* **YOUR OBJECTIVE**
The answer must be a single number: the count of lines in the data below that hold the word "noteq".

== Segment start ==

(* Let $G=(V,E)$ be a finite simple connected graph, $b\in\mathbb{R}^V$ a nontrivial vector, and $S\subset V$ a $b$-boundable subset. Let $x_S$ be the local solution of $\mathcal{L}x=b$ satisfying the boundary condition $b$. Then $$x_S=\int_0^\infty \mathcal{H}_{S,t}\,b_1\,\mathrm{d}t,\qquad b_1=D_S^{-1/2}A_{S,\delta S}D_{\delta S}^{-1/2}b_{\delta S}.$$
   Context: $d_v$ is the degree of $v$, $D$ the diagonal degree matrix, $A$ the adjacency matrix, $\mathcal{L}=D^{-1/2}(D-A)D^{-1/2}$. For $S\subseteq V$, $M_S$ is the principal submatrix indexed by $S$; $\delta(S)=\{u\in V\setminus S: u\sim v\text{ for some }v\in S\}$; $A_{S,\delta S}$ is the submatrix of $A$ with rows $S$ and columns $\delta(S)$; $D_{\delta S}$, $b_{\delta S}$ are restrictions to $\delta(S)$. $S$ is $b$-boundable if (i) $S\subseteq V\setminus\mathrm{supp}(b)$, (ii) $\delta(S)\cap\mathrm{supp}(b)\neq\emptyset$, (iii) the induced subgraph on $S$ is connected and $\delta(S)\neq\emptyset$. The solution of $\mathcal{L}x=b$ satisfying the boundary condition $b$ is $x\in\mathbb{R}^V$ with $x(v)=\sum_{u\sim v}x(u)/\sqrt{d_vd_u}$ for $v\in S$ and $x(v)=b(v)$ for $v\notin S$; the local solution $x_S$ is its restriction to $S$. The Dirichlet heat kernel is $\mathcal{H}_{S,t}=e^{-t\mathcal{L}_S}$. *)

theory Defs
  imports "HOL-Analysis.Analysis"
begin

definition simple_graph :: "'a set \<Rightarrow> ('a \<Rightarrow> 'a \<Rightarrow> bool) \<Rightarrow> bool" where
  "simple_graph V E \<longleftrightarrow> finite V \<and> (\<forall>u v. E u v \<longrightarrow> u \<in> V \<and> v \<in> V)
     \<and> (\<forall>u v. E u v \<longrightarrow> E v u) \<and> (\<forall>v. \<not> E v v)"

definition connected_on :: "('a \<Rightarrow> 'a \<Rightarrow> bool) \<Rightarrow> 'a set \<Rightarrow> bool" where
  "connected_on E S \<longleftrightarrow> S \<noteq> {} \<and>
     (\<forall>u\<in>S. \<forall>v\<in>S. (\<lambda>x y. x \<in> S \<and> y \<in> S \<and> E x y)\<^sup>*\<^sup>* u v)"

definition degree :: "'a set \<Rightarrow> ('a \<Rightarrow> 'a \<Rightarrow> bool) \<Rightarrow> 'a \<Rightarrow> nat" where
  "degree V E v = card {u\<in>V. E v u}"

definition adj :: "('a \<Rightarrow> 'a \<Rightarrow> bool) \<Rightarrow> 'a \<Rightarrow> 'a \<Rightarrow> real" where
  "adj E u v = (if E u v then 1 else 0)"

definition norm_laplacian :: "'a set \<Rightarrow> ('a \<Rightarrow> 'a \<Rightarrow> bool) \<Rightarrow> 'a \<Rightarrow> 'a \<Rightarrow> real" where
  "norm_laplacian V E u v =
     inverse (sqrt (real (degree V E u))) *
     ((if u = v then real (degree V E u) else 0) - adj E u v) *
     inverse (sqrt (real (degree V E v)))"

definition vboundary :: "'a set \<Rightarrow> ('a \<Rightarrow> 'a \<Rightarrow> bool) \<Rightarrow> 'a set \<Rightarrow> 'a set" where
  "vboundary V E S = {u \<in> V - S. \<exists>v\<in>S. E u v}"

definition supp :: "'a set \<Rightarrow> ('a \<Rightarrow> real) \<Rightarrow> 'a set" where
  "supp V b = {v\<in>V. b v \<noteq> 0}"

definition boundable :: "'a set \<Rightarrow> ('a \<Rightarrow> 'a \<Rightarrow> bool) \<Rightarrow> ('a \<Rightarrow> real) \<Rightarrow> 'a set \<Rightarrow> bool" where
  "boundable V E b S \<longleftrightarrow> S \<subseteq> V - supp V b
     \<and> vboundary V E S \<inter> supp V b \<noteq> {}
     \<and> connected_on E S \<and> vboundary V E S \<noteq> {}"

definition matmul :: "'a set \<Rightarrow> ('a \<Rightarrow> 'a \<Rightarrow> real) \<Rightarrow> ('a \<Rightarrow> 'a \<Rightarrow> real) \<Rightarrow> 'a \<Rightarrow> 'a \<Rightarrow> real" where
  "matmul S M N u v = (\<Sum>w\<in>S. M u w * N w v)"

fun matpow :: "'a set \<Rightarrow> ('a \<Rightarrow> 'a \<Rightarrow> real) \<Rightarrow> nat \<Rightarrow> 'a \<Rightarrow> 'a \<Rightarrow> real" where
  "matpow S M 0 = (\<lambda>u v. if u = v then 1 else 0)"
| "matpow S M (Suc k) = matmul S M (matpow S M k)"

definition matexp :: "'a set \<Rightarrow> real \<Rightarrow> ('a \<Rightarrow> 'a \<Rightarrow> real) \<Rightarrow> 'a \<Rightarrow> 'a \<Rightarrow> real" where
  "matexp S c M u v = (\<Sum>k. c ^ k / fact k * matpow S M k u v)"

text \<open>Dirichlet heat kernel H_{S,t} = exp(-t L_S), L_S the principal submatrix on S.\<close>
definition dirichlet_heat_kernel :: "'a set \<Rightarrow> ('a \<Rightarrow> 'a \<Rightarrow> bool) \<Rightarrow> 'a set \<Rightarrow> real \<Rightarrow> 'a \<Rightarrow> 'a \<Rightarrow> real" where
  "dirichlet_heat_kernel V E S t = matexp S (- t) (norm_laplacian V E)"

definition solves_boundary :: "'a set \<Rightarrow> ('a \<Rightarrow> 'a \<Rightarrow> bool) \<Rightarrow> ('a \<Rightarrow> real) \<Rightarrow> 'a set \<Rightarrow> ('a \<Rightarrow> real) \<Rightarrow> bool" where
  "solves_boundary V E b S x \<longleftrightarrow>
     (\<forall>v\<in>S. x v = (\<Sum>u\<in>{u\<in>V. E u v}. x u / sqrt (real (degree V E v) * real (degree V E u))))
     \<and> (\<forall>v\<in>V - S. x v = b v)"

definition b_one :: "'a set \<Rightarrow> ('a \<Rightarrow> 'a \<Rightarrow> bool) \<Rightarrow> ('a \<Rightarrow> real) \<Rightarrow> 'a set \<Rightarrow> 'a \<Rightarrow> real" where
  "b_one V E b S u = inverse (sqrt (real (degree V E u))) *
     (\<Sum>w\<in>vboundary V E S. adj E u w * inverse (sqrt (real (degree V E w))) * b w)"

end

theory Submission
  imports Defs
begin

(* Let L be the normalized Laplacian restricted to S. Since x is harmonic on S with boundary
   values b, the vector b_1 equals L x_S. The quadratic form of L is a Dirichlet energy: squared
   differences of D^(-1/2) z along edges inside S, plus squares at the vertices adjacent to the
   boundary. Walking from a boundary edge through the connected set S bounds every coordinate by
   this energy, so <z, L z> >= lam |z|^2 for some lam > 0. Hence e^(-tL) y decays like e^(-lam t),
   and integrating d/dt e^(-tL) x_S = - e^(-tL) b_1 over [0, oo) yields x_S. *)

section \<open>Matrix exponential on a finite index set\<close>

lemma matpow_Suc_right:
  assumes "finite S" "u \<in> S" "w \<in> S"
  shows "matpow S M (Suc n) u w = (\<Sum>x\<in>S. matpow S M n u x * M x w)"
  using assms(2)
proof (induction n arbitrary: u)
  case 0
  then show ?case using assms(1,3) by (simp add: matmul_def if_distrib if_distribR cong: if_cong)
next
  case (Suc n)
  have "matpow S M (Suc (Suc n)) u w = (\<Sum>x\<in>S. M u x * (\<Sum>y\<in>S. matpow S M n x y * M y w))"
    unfolding matpow.simps(2)[of S M "Suc n"] matmul_def
    by (intro sum.cong refl) (simp add: Suc.IH del: matpow.simps)
  also have "\<dots> = (\<Sum>y\<in>S. (\<Sum>x\<in>S. M u x * matpow S M n x y) * M y w)"
    unfolding sum_distrib_left sum_distrib_right mult.assoc by (rule sum.swap)
  also have "\<dots> = (\<Sum>y\<in>S. matpow S M (Suc n) u y * M y w)"
    by (simp add: matmul_def)
  finally show ?case .
qed

lemma matpow_abs_le:
  assumes "finite S" "\<And>u. u \<in> S \<Longrightarrow> (\<Sum>x\<in>S. \<bar>M u x\<bar>) \<le> K" "u \<in> S" "w \<in> S"
  shows "\<bar>matpow S M n u w\<bar> \<le> K ^ n"
  using assms(3)
proof (induction n arbitrary: u)
  case 0
  have "0 \<le> K" using assms(2)[OF 0] by (meson order_trans sum_nonneg abs_ge_zero)
  then show ?case by simp
next
  case (Suc n)
  have "\<bar>matpow S M (Suc n) u w\<bar> \<le> (\<Sum>x\<in>S. \<bar>M u x\<bar> * K ^ n)"
    unfolding matpow.simps matmul_def
    by (rule order_trans[OF sum_abs sum_mono]) (auto simp: abs_mult Suc.IH intro!: mult_left_mono)
  also have "\<dots> \<le> K * K ^ n"
    unfolding sum_distrib_right[symmetric]
    using assms(2)[OF Suc.prems] Suc.IH[OF Suc.prems]
    by (intro mult_right_mono) (auto intro: order_trans[OF abs_ge_zero])
  finally show ?case by simp
qed

lemma matexp_eq_suminf:
  "matexp S c M u w = (\<Sum>k. matpow S M k u w / fact k * c ^ k)"
  unfolding matexp_def by (simp add: mult.commute)

lemma summable_matexp:
  assumes "finite S" "u \<in> S" "w \<in> S"
  shows "summable (\<lambda>k. matpow S M k u w / fact k * c ^ k)"
proof -
  define K where "K = (\<Sum>u\<in>S. \<Sum>x\<in>S. \<bar>M u x\<bar>)"
  have row: "(\<Sum>x\<in>S. \<bar>M u x\<bar>) \<le> K" if "u \<in> S" for u
    unfolding K_def using assms(1) that
    by (intro member_le_sum[where f = "\<lambda>u. \<Sum>x\<in>S. \<bar>M u x\<bar>"] sum_nonneg) auto
  show ?thesis
  proof (rule summable_comparison_test'[OF summable_exp[of "K * \<bar>c\<bar>"]])
    fix k :: nat
    have "norm (matpow S M k u w / fact k * c ^ k) = \<bar>matpow S M k u w\<bar> * \<bar>c\<bar> ^ k / fact k"
      by (simp add: abs_mult power_abs)
    also have "\<dots> \<le> K ^ k * \<bar>c\<bar> ^ k / fact k"
      using matpow_abs_le[OF assms(1) row assms(2,3)]
      by (intro divide_right_mono mult_right_mono) auto
    finally show "norm (matpow S M k u w / fact k * c ^ k) \<le> inverse (fact k) * (K * \<bar>c\<bar>) ^ k"
      by (simp add: power_mult_distrib field_simps)
  qed
qed

lemma matexp_zero:
  assumes "finite S" "u \<in> S" "w \<in> S"
  shows "matexp S 0 M u w = (if u = w then 1 else 0)"
  unfolding matexp_eq_suminf by (subst powser_zero) simp

lemma sums_matexp_mult_left:
  assumes "finite S" "w \<in> S"
  shows "(\<lambda>k. matpow S M (Suc k) u w / fact k * c ^ k) sums (\<Sum>x\<in>S. M u x * matexp S c M x w)"
proof -
  have "(\<lambda>k. \<Sum>x\<in>S. M u x * (matpow S M k x w / fact k * c ^ k)) sums (\<Sum>x\<in>S. M u x * matexp S c M x w)"
    unfolding matexp_eq_suminf
    using assms by (intro sums_sum sums_mult summable_sums summable_matexp) auto
  moreover have "(\<Sum>x\<in>S. M u x * (matpow S M k x w / fact k * c ^ k)) = matpow S M (Suc k) u w / fact k * c ^ k" for k
    by (simp add: matmul_def sum_distrib_right sum_divide_distrib mult.assoc)
  ultimately show ?thesis by simp
qed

== Segment end ==

* **TASK RESULT**
4